India and EU Set to Offer Reciprocal MFN Treatment in Proposed Trade Agreement (Image Courtesy: Reuters)
New Delhi: Many important things have come to light after the draft of the proposed free trade agreement between India and the European Union became public. Both sides will give each other 'Most Favored Nation' status for five years from the date of implementation of the agreement. This will bring stability to business rules and give a clear signal to companies that policies will not change suddenly in the coming years.
This status means that for the next five years, India and the EU will not give any third country superior tariff benefits that are not available to each other. That means the concessions decided between the two will remain a priority. This will give confidence to the businessmen and the balance of competition will be maintained.
The agreement has already been called the “Mother of All Deals”. Under this, about 93 percent of India's exports will be able to enter the European Union of 27 countries without duty. This will have a direct impact on sectors like textiles, pharma, engineering and agricultural products.
On the other hand, goods like luxury cars and wine coming from Europe may also become cheaper in India. That means consumers on both sides will also benefit.
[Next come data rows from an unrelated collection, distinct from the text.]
lemma square_le_exp:
  fixes v \<beta> :: real
  assumes "\<beta> > 0"
  shows "v\<^sup>2 \<le> 16 / \<beta>\<^sup>2 * exp (\<beta> * \<bar>v\<bar> / 2)"
proof -
  define w where "w = \<beta> * \<bar>v\<bar> / 4"
  have "0 \<le> w" using assms by (simp add: w_def)
  moreover have "w \<le> exp w" using exp_ge_add_one_self[of w] by linarith
  ultimately have "w\<^sup>2 \<le> (exp w)\<^sup>2" by (simp add: power_mono)
  also have "\<dots> = exp (\<beta> * \<bar>v\<bar> / 2)" by (simp add: w_def power2_eq_square mult_exp_exp)
  finally have "w\<^sup>2 \<le> exp (\<beta> * \<bar>v\<bar> / 2)" .
  moreover have "v\<^sup>2 = 16 / \<beta>\<^sup>2 * w\<^sup>2" using assms by (simp add: w_def power2_eq_square field_simps)
  ultimately show ?thesis using assms by (simp add: divide_right_mono)
qed

lemma exp_le_quadratic_tail:
  fixes v \<alpha> b :: real
  assumes "b > 0" "0 \<le> \<alpha>" "\<alpha> \<le> b / 4"
  shows "exp (\<alpha> * v) \<le> 1 + \<alpha> * v + \<alpha>\<^sup>2 * (32 / b\<^sup>2 * exp (b / 2 * \<bar>v\<bar>))"
proof -
  have "\<alpha> * \<bar>v\<bar> \<le> b / 4 * \<bar>v\<bar>"
    using assms by (intro mult_right_mono) auto
  then have "exp (\<alpha> * \<bar>v\<bar>) \<le> exp (b / 2 * \<bar>v\<bar> / 2)"
    by simp
  then have "v\<^sup>2 * exp (\<alpha> * \<bar>v\<bar>) \<le> (16 / (b / 2)\<^sup>2 * exp (b / 2 * \<bar>v\<bar> / 2)) * exp (b / 2 * \<bar>v\<bar> / 2)"
    using square_le_exp[of "b / 2" v] assms(1) by (intro mult_mono) auto
  also have "\<dots> = 2 * (32 / b\<^sup>2 * exp (b / 2 * \<bar>v\<bar>))"
    by (simp add: mult_exp_exp power2_eq_square)
  finally have "\<alpha>\<^sup>2 * (v\<^sup>2 * exp (\<alpha> * \<bar>v\<bar>)) \<le> 2 * (\<alpha>\<^sup>2 * (32 / b\<^sup>2 * exp (b / 2 * \<bar>v\<bar>)))"
    by (subst mult.left_commute, rule mult_left_mono) simp_all
  moreover have "exp (\<alpha> * v) \<le> 1 + \<alpha> * v + \<alpha>\<^sup>2 * (v\<^sup>2 * exp (\<alpha> * \<bar>v\<bar>)) / 2"
    using exp_le_quadratic[of "\<alpha> * v"] assms(2) by (simp add: abs_mult power_mult_distrib)
  moreover have "\<And>A B C D :: real. A \<le> B + C / 2 \<Longrightarrow> C \<le> 2 * D \<Longrightarrow> A \<le> B + D"
    by linarith
  ultimately show ?thesis by blast
qed
lemma halfN_add_halfN:
    "halfN A y + halfN A y = (\<lambda>ps. if valid N (length A) ps then smul (of_nat N) (y ps) else 0)"
proof -
  have "\<And>m. smul (of_nat N / 2) m + smul (of_nat N / 2) m = smul (of_nat N) m"
    by (simp flip: M.scale_left_distrib)
  then show ?thesis by (simp add: halfN_def fun_eq_iff)
qed

lemma eop_scale_valid:
    "eop N (length A) (Suc j) (\<lambda>ps. if valid N (length A) ps then smul c (x ps) else 0)
    = (\<lambda>ps. smul c (eop N (length A) (Suc j) x ps))"
  by (simp add: eop_Suc fun_eq_iff valid_list_update M.scale_sum_right)

lemma JM_add_adjacent:
    "JM A (Suc j) y + JM A (Suc (Suc j)) y
    = (\<Sum>k<Suc j. Casimir A k (Suc j) y + Casimir A k (Suc (Suc j)) y)
    + Casimir A (Suc j) (Suc (Suc j)) y"
  unfolding JM_def
  by (simp only: sum.lessThan_Suc[of _ "Suc j"] sum.distrib add.assoc)

lemma eop_yop_add_adjacent:
  assumes j: "Suc j < length A" and tyA: "(A ! j = 1) \<noteq> (A ! Suc j = 1)"
  shows "eop N (length A) (Suc j) (yop N smul act A (Suc j) x + yop N smul act A (Suc (Suc j)) x) = 0"
proof -
  let ?e = "eop N (length A) (Suc j)"
  have p: "?e (Casimir A k (Suc j) x + Casimir A k (Suc (Suc j)) x) = 0" if k: "k < Suc j" for k
  proof -
    have "?e (Casimir A k (Suc j) x + Casimir A k (Suc (Suc j)) x) =
       (\<Sum>a<N. \<Sum>b<N. ?e (E_at A k a b (E_at A (Suc j) b a x + E_at A (Suc (Suc j)) b a x)))"
      using k j by (subst Casimir_add_common_left) (auto simp: eop_sum)
    also have "\<dots> = (\<Sum>a<N. \<Sum>b<N. E_at A k a b (?e (E_at A (Suc j) b a x + E_at A (Suc (Suc j)) b a x)))"
      using k j by (intro sum.cong refl eop_E_at_other) auto
    also have "\<dots> = 0" using eop_pair_action[OF j tyA] by (simp add: additive.zero[OF additive_E_at])
    finally show ?thesis .
  qed
  have o: "?e (Casimir A (Suc j) (Suc (Suc j)) x) = - (\<lambda>ps. smul (of_nat N) (?e x ps))"
    using Casimir_adjacent_mixed[OF j tyA] eop_eop[OF j] by (simp add: additive.minus[OF additive_eop])
  have "yop N smul act A (Suc j) x + yop N smul act A (Suc (Suc j)) x =
     (\<Sum>k<Suc j. Casimir A k (Suc j) x + Casimir A k (Suc (Suc j)) x)
         + Casimir A (Suc j) (Suc (Suc j)) x + (halfN A x + halfN A x)"
    unfolding yop_eq_JM JM_add_adjacent[symmetric] by (simp add: algebra_simps)
  then show ?thesis using p o
    by (simp add: additive.add[OF additive_eop] eop_sum halfN_add_halfN eop_scale_valid)
qed
lemma tau_Qx_rec:
  assumes "finite A" "x \<in> A"
  shows "tau_Qx A n x v = (\<Sum>i<n. tauQ A i [] * tau_Qx A (n - Suc i) x v)
    + (\<Sum>q<length v. if v ! q = x then tau_word (take q v) * tauQ A n (drop (Suc q) v) else 0)"
proof -
  have "tau_Qx A n x v =
      (\<Sum>i<n. \<Sum>xs\<in>words A n. if xs ! i = x
         then tau_word (doubled (take i xs) @ x # v) * tau_word (doubled (drop (Suc i) xs)) else 0)
    + (\<Sum>q<length v. \<Sum>xs\<in>words A n. if v ! q = x
         then tau_word (take q v) * tau_word (doubled xs @ drop (Suc q) v) else 0)"
    unfolding tau_Qx_def sum.swap[where A = "{..<n}"] sum.swap[where A = "{..<length v}"]
      sum.distrib[symmetric]
    by (intro sum.cong) (auto simp: words_def tau_word_doubled_Cons)
  also have "\<dots> = (\<Sum>i<n. tau_Qx A i x v * tauQ A (n - Suc i) [])
    + (\<Sum>q<length v. if v ! q = x then tau_word (take q v) * tauQ A n (drop (Suc q) v) else 0)"
  proof -
    have "(\<Sum>xs\<in>words A n. if xs ! i = x
         then tau_word (doubled (take i xs) @ x # v) * tau_word (doubled (drop (Suc i) xs)) else 0)
        = tau_Qx A i x v * tauQ A (n - Suc i) []" if "i < n" for i
      using sum_words_split_at[OF assms that, where f = "\<lambda>ys. tau_word (doubled ys @ x # v)"
          and g = "\<lambda>zs. tau_word (doubled zs)"]
      by (simp add: tauQ_def tau_Qx_def)
    moreover have "(\<Sum>xs\<in>words A n. if v ! q = x
         then tau_word (take q v) * tau_word (doubled xs @ drop (Suc q) v) else 0)
        = (if v ! q = x then tau_word (take q v) * tauQ A n (drop (Suc q) v) else 0)" for q
      by (simp add: tauQ_def sum_distrib_left)
    ultimately show ?thesis
      by simp
  qed
  also have "(\<Sum>i<n. tau_Qx A i x v * tauQ A (n - Suc i) []) = (\<Sum>i<n. tauQ A i [] * tau_Qx A (n - Suc i) x v)"
    by (subst sum.nat_diff_reindex[symmetric]) (simp add: Suc_diff_Suc mult.commute)
  finally show ?thesis .
qed

definition tau_anticomm :: "nat set \<Rightarrow> nat \<Rightarrow> nat \<Rightarrow> nat list \<Rightarrow> complex" where
  "tau_anticomm A n x v = tau_xQ A n x v + tau_Qx A n x v"

lemma tau_anticomm_rec:
  assumes "finite A" "x \<in> A"
  shows "tau_anticomm A n x v = (\<Sum>i<n. tauQ A i [] * tau_anticomm A (n - Suc i) x v)
    + (\<Sum>q<length v. if v ! q = x then tauQ A n (take q v) * tau_word (drop (Suc q) v)
        + tau_word (take q v) * tauQ A n (drop (Suc q) v) else 0)"
proof -
  have split: "(\<Sum>q<length v. if v ! q = x then f q + g q else 0)
      = (\<Sum>q<length v. if v ! q = x then f q else 0) + (\<Sum>q<length v. if v ! q = x then g q else 0)"
    for f g :: "nat \<Rightarrow> complex"
    unfolding sum.distrib[symmetric] by (intro sum.cong) auto
  show ?thesis
    unfolding tau_anticomm_def tau_xQ_rec[OF assms, where n = n] tau_Qx_rec[OF assms, where n = n]
    by (simp only: distrib_left sum.distrib split) (simp only: add_ac)
qed

section \<open>The divergence pairing\<close>

text \<open>If \<open>F x v = \<tau>(p\<^sub>x s\<^sub>v)\<close>, this is \<open>\<tau>(p\<^sub>2 \<delta>\<^sub>1 s\<^sub>w) - \<tau>(p\<^sub>1 \<delta>\<^sub>2 s\<^sub>w)\<close>, the pairing of \<open>s\<^sub>w\<close>
  with the divergence of the field \<open>(p\<^sub>2, -p\<^sub>1)\<close>.\<close>
definition hamiltonian_pairing :: "(nat \<Rightarrow> nat list \<Rightarrow> complex) \<Rightarrow> nat list \<Rightarrow> complex" where
  "hamiltonian_pairing F w = linP (cgrad_word 1 w) (F 2) - linP (cgrad_word 2 w) (F 1)"

lemma hamiltonian_pairing_linear:
  "hamiltonian_pairing (\<lambda>x v. (\<Sum>i<n. c i * F i x v) + R x v) w
    = (\<Sum>i<n. c i * hamiltonian_pairing (F i) w) + hamiltonian_pairing R w"
  by (simp add: hamiltonian_pairing_def linP_add linP_sum[symmetric] linP_const_mult
      sum_subtractf right_diff_distrib)

lemma hamiltonian_pairing_symmetric_split:
  assumes "\<And>A B. G B A = G A B"
  shows "hamiltonian_pairing (\<lambda>x v. \<Sum>q<length v. if v ! q = x then G (take q v) (drop (Suc q) v) else 0) w = 0"
proof -
  define H where "H a b A B = (if a = 1 \<and> b = 2 then G A B else if a = 2 \<and> b = 1 then - G A B else 0)"
    for a b :: nat and A B
  have "hamiltonian_pairing (\<lambda>x v. \<Sum>q<length v. if v ! q = x then G (take q v) (drop (Suc q) v) else 0) w
      = (\<Sum>k<length w. \<Sum>q<length (cyc_cut k w).
          H (w ! k) (cyc_cut k w ! q) (take q (cyc_cut k w)) (drop (Suc q) (cyc_cut k w)))"
    unfolding hamiltonian_pairing_def linP_cgrad_word sum_subtractf[symmetric]
    by (intro sum.cong) (auto simp: H_def sum_negf[symmetric] intro!: sum.cong)
  also have "\<dots> = 0"
    by (rule sum_cyc_cut_pairs_antisym) (auto simp: H_def assms)
  finally show ?thesis .
qed

lemma hamiltonian_pairing_tau_anticomm: "hamiltonian_pairing (tau_anticomm {1, 2} n) w = 0"
proof (induction n rule: less_induct)
  case (less n)
  let ?G = "\<lambda>A B. tauQ {1, 2} n A * tau_word B + tau_word A * tauQ {1, 2} n B"
  let ?R = "\<lambda>x v. \<Sum>q<length v. if v ! q = x then ?G (take q v) (drop (Suc q) v) else 0"
  have rec: "tau_anticomm {1, 2} n x
      = (\<lambda>v. (\<Sum>i<n. tauQ {1, 2} i [] * tau_anticomm {1, 2} (n - Suc i) x v) + ?R x v)"
    if "x \<in> {1, 2}" for x
    using tau_anticomm_rec[OF _ that, where n = n] by (intro ext) simp
  have "(1::nat) \<in> {1, 2}" "(2::nat) \<in> {1, 2}"
    by simp_all
  then have "hamiltonian_pairing (tau_anticomm {1, 2} n) w
      = hamiltonian_pairing (\<lambda>x v. (\<Sum>i<n. tauQ {1, 2} i [] * tau_anticomm {1, 2} (n - Suc i) x v) + ?R x v) w"
    unfolding hamiltonian_pairing_def by (simp only: rec)
  also have "\<dots> = (\<Sum>i<n. tauQ {1, 2} i [] * hamiltonian_pairing (tau_anticomm {1, 2} (n - Suc i)) w)
      + hamiltonian_pairing ?R w"
    by (rule hamiltonian_pairing_linear)
  also have "\<dots> = 0"
    using less.IH hamiltonian_pairing_symmetric_split[of ?G] by (simp add: ac_simps)
  finally show ?case .
qed

lemma tauP_mulP_cgradP_powP_sum_sqP:
  assumes "a \<in> {1, 2}"
  shows "tauP (mulP (cgradP a (powP sum_sqP (Suc n))) (cgradP b r))
    = of_nat (Suc n) * linP r (\<lambda>w. linP (cgrad_word b w) (tau_anticomm {1, 2} n a))"
proof -
  have "tauP (mulP (cgradP a (powP sum_sqP (Suc n))) (cgradP b r))
      = linP r (\<lambda>w. \<Sum>xs\<in>words {1, 2} (Suc n).
          linP (cgrad_word a (doubled xs)) (\<lambda>u. linP (cgrad_word b w) (\<lambda>v. tau_word (u @ v))))"
    unfolding tauP_eq_linP linP_mulP linP_cgradP linP_powP_sum_sqP
    by (subst linP_commute) (simp add: linP_sum)
  also have "\<dots> = linP r (\<lambda>w. of_nat (Suc n) * linP (cgrad_word b w) (tau_anticomm {1, 2} n a))"
    using assms unfolding tau_anticomm_def[abs_def] tau_xQ_def[abs_def] tau_Qx_def[abs_def]
    by (simp add: sum_linP_cgrad_word_doubled linP_add linP_sum sum.distrib)
  finally show ?thesis
    by (simp add: linP_const_mult)
qed

lemma tauP_cgradP_powP_sum_sqP_swap:
  "tauP (mulP (cgradP 2 (powP sum_sqP (Suc n))) (cgradP 1 r))
    = tauP (mulP (cgradP 1 (powP sum_sqP (Suc n))) (cgradP 2 r))"
proof -
  have "tauP (mulP (cgradP 2 (powP sum_sqP (Suc n))) (cgradP 1 r))
      - tauP (mulP (cgradP 1 (powP sum_sqP (Suc n))) (cgradP 2 r))
      = of_nat (Suc n) * linP r (hamiltonian_pairing (tau_anticomm {1, 2} n))"
    using tauP_mulP_cgradP_powP_sum_sqP[of 2 n 1 r] tauP_mulP_cgradP_powP_sum_sqP[of 1 n 2 r]
    unfolding hamiltonian_pairing_def[abs_def]
    by (simp add: right_diff_distrib linP_diff del: powP.simps)
  also have "\<dots> = 0"
    by (simp only: hamiltonian_pairing_tau_anticomm[abs_def] linP_zero mult_zero_right)
  finally show ?thesis
    by simp
qed
lemma rigid_image_eq_vimage_inv:
  fixes f :: "'a::euclidean_space \<Rightarrow> 'a"
  assumes "rigid f"
  shows "rigid (inv f)" "f ` S = inv f -` S"
proof -
  have bij: "bij f" by (rule bij_rigid[OF assms])
  show "rigid (inv f)"
    using assms unfolding rigid_def by (metis bij bij_inv_eq_iff)
  show "f ` S = inv f -` S"
    by (simp add: bij_vimage_eq_inv_image[OF bij_imp_bij_inv[OF bij]] inv_inv_eq[OF bij])
qed

lemma sets_borel_rigid_image:
  fixes f :: "'a::euclidean_space \<Rightarrow> 'a"
  assumes "rigid f" "S \<in> sets borel"
  shows "f ` S \<in> sets borel"
  using measurable_sets[OF borel_measurable_continuous_onI[OF continuous_on_rigid] assms(2)]
    rigid_image_eq_vimage_inv[OF assms(1)] by simp

lemma open_rigid_image:
  fixes f :: "'a::euclidean_space \<Rightarrow> 'a"
  assumes "rigid f" "open S"
  shows "open (f ` S)"
  using continuous_on_rigid[of "inv f" UNIV] rigid_image_eq_vimage_inv[OF assms(1)] assms(2)
  by (simp add: continuous_on_open_vimage)

lemma
  fixes f :: "real^'n::{finite,wellorder} \<Rightarrow> real^'n::_"
  assumes "rigid f" "S \<in> lmeasurable"
  shows lmeasurable_rigid_image: "f ` S \<in> lmeasurable"
    and measure_rigid_image: "measure lebesgue (f ` S) = measure lebesgue S"
  using measurable_orthogonal_image[OF orthogonal_transformation_rigid[OF assms(1)] assms(2)]
    measure_orthogonal_image[OF orthogonal_transformation_rigid[OF assms(1)] assms(2)]
  unfolding rigid_image_eq_translation[of f S] by (simp_all add: measurable_translation measure_translation)
text \<open>The library's finite_field_power_card_eq_same needs the sort finite_field, which the sort
  {finite,field} of the statement does not provide.\<close>

lemma power_card_UNIV_eq_self:
  fixes x :: "'a::{finite,field}"
  shows "x ^ card (UNIV :: 'a set) = x"
proof (cases "x = 0")
  case False
  let ?U = "UNIV - {0::'a}"
  have "(\<Prod>y\<in>?U. x * y) = \<Prod>?U"
    by (rule prod.reindex_bij_witness[of _ "\<lambda>y. y / x" "\<lambda>y. x * y"]) (use False in auto)
  moreover have "card ?U = card (UNIV :: 'a set) - 1" by simp
  ultimately have "x ^ (card (UNIV :: 'a set) - 1) * \<Prod>?U = 1 * \<Prod>?U"
    by (simp add: prod.distrib)
  then have "x ^ (card (UNIV :: 'a set) - 1) = 1" by simp
  then show ?thesis
    using power_minus_mult[of "card (UNIV :: 'a set)" x] by (simp add: finite_UNIV_card_ge_0)
qed (simp add: finite_UNIV_card_ge_0)

text \<open>The image of x \<mapsto> x^q - x lies in the kernel of the trace x \<mapsto> \<Sum>i<m. x^(q^i); comparing
  the root bounds of both maps with |F_{q^m}| = |image| \<cdot> |kernel| forces |F_q| = q.\<close>

lemma (in frobenius) card_F:
  assumes card_UNIV: "card (UNIV :: 'a set) = q ^ m" and "1 \<le> m"
  shows "card F = q"
proof -
  define e :: "nat \<Rightarrow> 'a" where "e = (\<lambda>j. if j = 0 then -1 else 1)"
  let ?\<phi> = "lin_poly_eval q 2 e"
  have \<phi>: "?\<phi> x = x ^ q - x" for x
    by (simp add: lin_poly_eval_def e_def numeral_2_eq_2)
  have F_kernel: "F = {x\<in>UNIV. ?\<phi> x = 0}"
    by (auto simp: F_def Fq_def \<phi>)
  have "card F \<le> q"
    using card_lin_poly_roots_le[of 1 2 e] by (simp add: e_def F_kernel)
  define T where "T = lin_poly_eval q m (\<lambda>_. 1::'a)"
  have "T (?\<phi> x) = 0" for x
  proof -
    have "T (?\<phi> x) = T (x ^ q - x)" by (simp only: \<phi>)
    also have "\<dots> = (\<Sum>i<m. x ^ (q ^ Suc i) - x ^ (q ^ i))"
      unfolding T_def lin_poly_eval_def
      by (intro sum.cong refl) (simp add: diff_power_q_pow power_mult[symmetric] mult.commute)
    also have "\<dots> = x ^ (q ^ m) - x"
      by (subst sum_lessThan_telescope) simp
    finally show ?thesis
      using power_card_UNIV_eq_self[of x] card_UNIV by simp
  qed
  then have "card (range ?\<phi>) \<le> card {y. T y = 0}"
    by (intro card_mono) auto
  also have "\<dots> \<le> q ^ (m - 1)"
    unfolding T_def by (rule card_lin_poly_roots_le[of 0]) (use \<open>1 \<le> m\<close> in auto)
  finally have image_bound: "card (range ?\<phi>) \<le> q ^ (m - 1)" .
  have "q ^ (m - 1) * q = card (UNIV :: 'a set)"
    using power_minus_mult[of m q] \<open>1 \<le> m\<close> card_UNIV by simp
  also have "\<dots> = card (range ?\<phi>) * card F"
    using card_eq_card_image_mult_card_kernel[of UNIV ?\<phi>] by (simp add: lin_poly_eval_add F_kernel)
  also have "\<dots> \<le> q ^ (m - 1) * card F"
    using image_bound by (rule mult_le_mono1)
  finally have "q ^ (m - 1) * q \<le> q ^ (m - 1) * card F" .
  then have "q \<le> card F" using q_ge_2 by simp
  with \<open>card F \<le> q\<close> show ?thesis by simp
qed

locale Fq_subfield = frobenius +
  assumes card_F_eq: "card F = q"

lemma Fq_subfield_if_card_prime_power:
  assumes "prime_power q" and card_UNIV: "card (UNIV :: 'a::{finite,field} set) = q ^ m"
    and "1 \<le> m"
  shows "Fq_subfield q (Fq q :: 'a set)"
proof -
  obtain p e where p: "prime p" "0 < e" "q = p ^ e"
    using \<open>prime_power q\<close> unfolding prime_power_def by blast
  have "p \<le> q"
    using p prime_gt_0_nat[of p] power_increasing[of 1 e p] by simp
  then have "2 \<le> q"
    using prime_ge_2_nat[OF \<open>prime p\<close>] by linarith
  have "prime CHAR('a)"
    by (rule prime_CHAR_semidom) (simp add: finite_imp_CHAR_pos)
  moreover have "CHAR('a) dvd p ^ (e * m)"
    using CHAR_dvd_CARD[where 'a = 'a] card_UNIV p by (simp add: power_mult)
  ultimately have "CHAR('a) = p"
    using p(1) prime_dvd_power primes_dvd_imp_eq by blast
  then have "(x + y :: 'a) ^ q = x ^ q + y ^ q" for x y
    using \<open>prime CHAR('a)\<close> p by (intro freshmans_dream') auto
  then interpret frobenius q "Fq q :: 'a set"
    using \<open>2 \<le> q\<close> by unfold_locales auto
  show ?thesis
    by unfold_locales (rule card_F[OF card_UNIV \<open>1 \<le> m\<close>])
qed

section \<open>Linear algebra over F_q\<close>

context Fq_subfield
begin

definition F_subspace :: "'a set \<Rightarrow> bool" where
  "F_subspace W \<longleftrightarrow> 0 \<in> W \<and> (\<forall>x\<in>W. \<forall>y\<in>W. x + y \<in> W) \<and> (\<forall>c\<in>F. \<forall>x\<in>W. c * x \<in> W)"

lemma F_subspace_zero: "F_subspace W \<Longrightarrow> 0 \<in> W"
  by (simp add: F_subspace_def)

lemma F_subspace_add: "F_subspace W \<Longrightarrow> x \<in> W \<Longrightarrow> y \<in> W \<Longrightarrow> x + y \<in> W"
  by (simp add: F_subspace_def)

lemma F_subspace_mult: "F_subspace W \<Longrightarrow> c \<in> F \<Longrightarrow> x \<in> W \<Longrightarrow> c * x \<in> W"
  by (simp add: F_subspace_def)

lemma F_subspace_diff: "F_subspace W \<Longrightarrow> x \<in> W \<Longrightarrow> y \<in> W \<Longrightarrow> x - y \<in> W"
  using F_subspace_add[of W x "- 1 * y"] F_subspace_mult[of W "- 1" y] F_uminus[OF F_one] by simp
An addendum has been added to the draft, under which there will be a system of arbitration to resolve any dispute. The arbitrator chosen with the consent of both parties will be able to find a solution through an expedited process. This will avoid long legal battles.
Both sides have decided that no new import or export restrictions will be imposed outside the WTO rules. Besides, it has also been agreed to increase cooperation in the field of digital trade so that barriers related to online transactions and data are reduced.
Rules related to food safety and plant health will be brought in line with WTO standards. Certification and audit processes will be simplified. Custom cooperation will increase and measures will be taken to speed up clearance of goods.
The two sides will share annual import data one year after the agreement comes into force to monitor how the concessions are being utilized.
The European Union is currently India's largest trading partner. Goods trade between the two has reached $135 billion in the financial year 2023-24. In such a situation, this agreement is not limited to just reducing tariffs but is considered to decide the direction of trade relations in the coming years.
Overall, this move is an attempt to bring the two economies closer. Now the focus will be on when the agreement is formally implemented and after that how much change is seen at the ground level.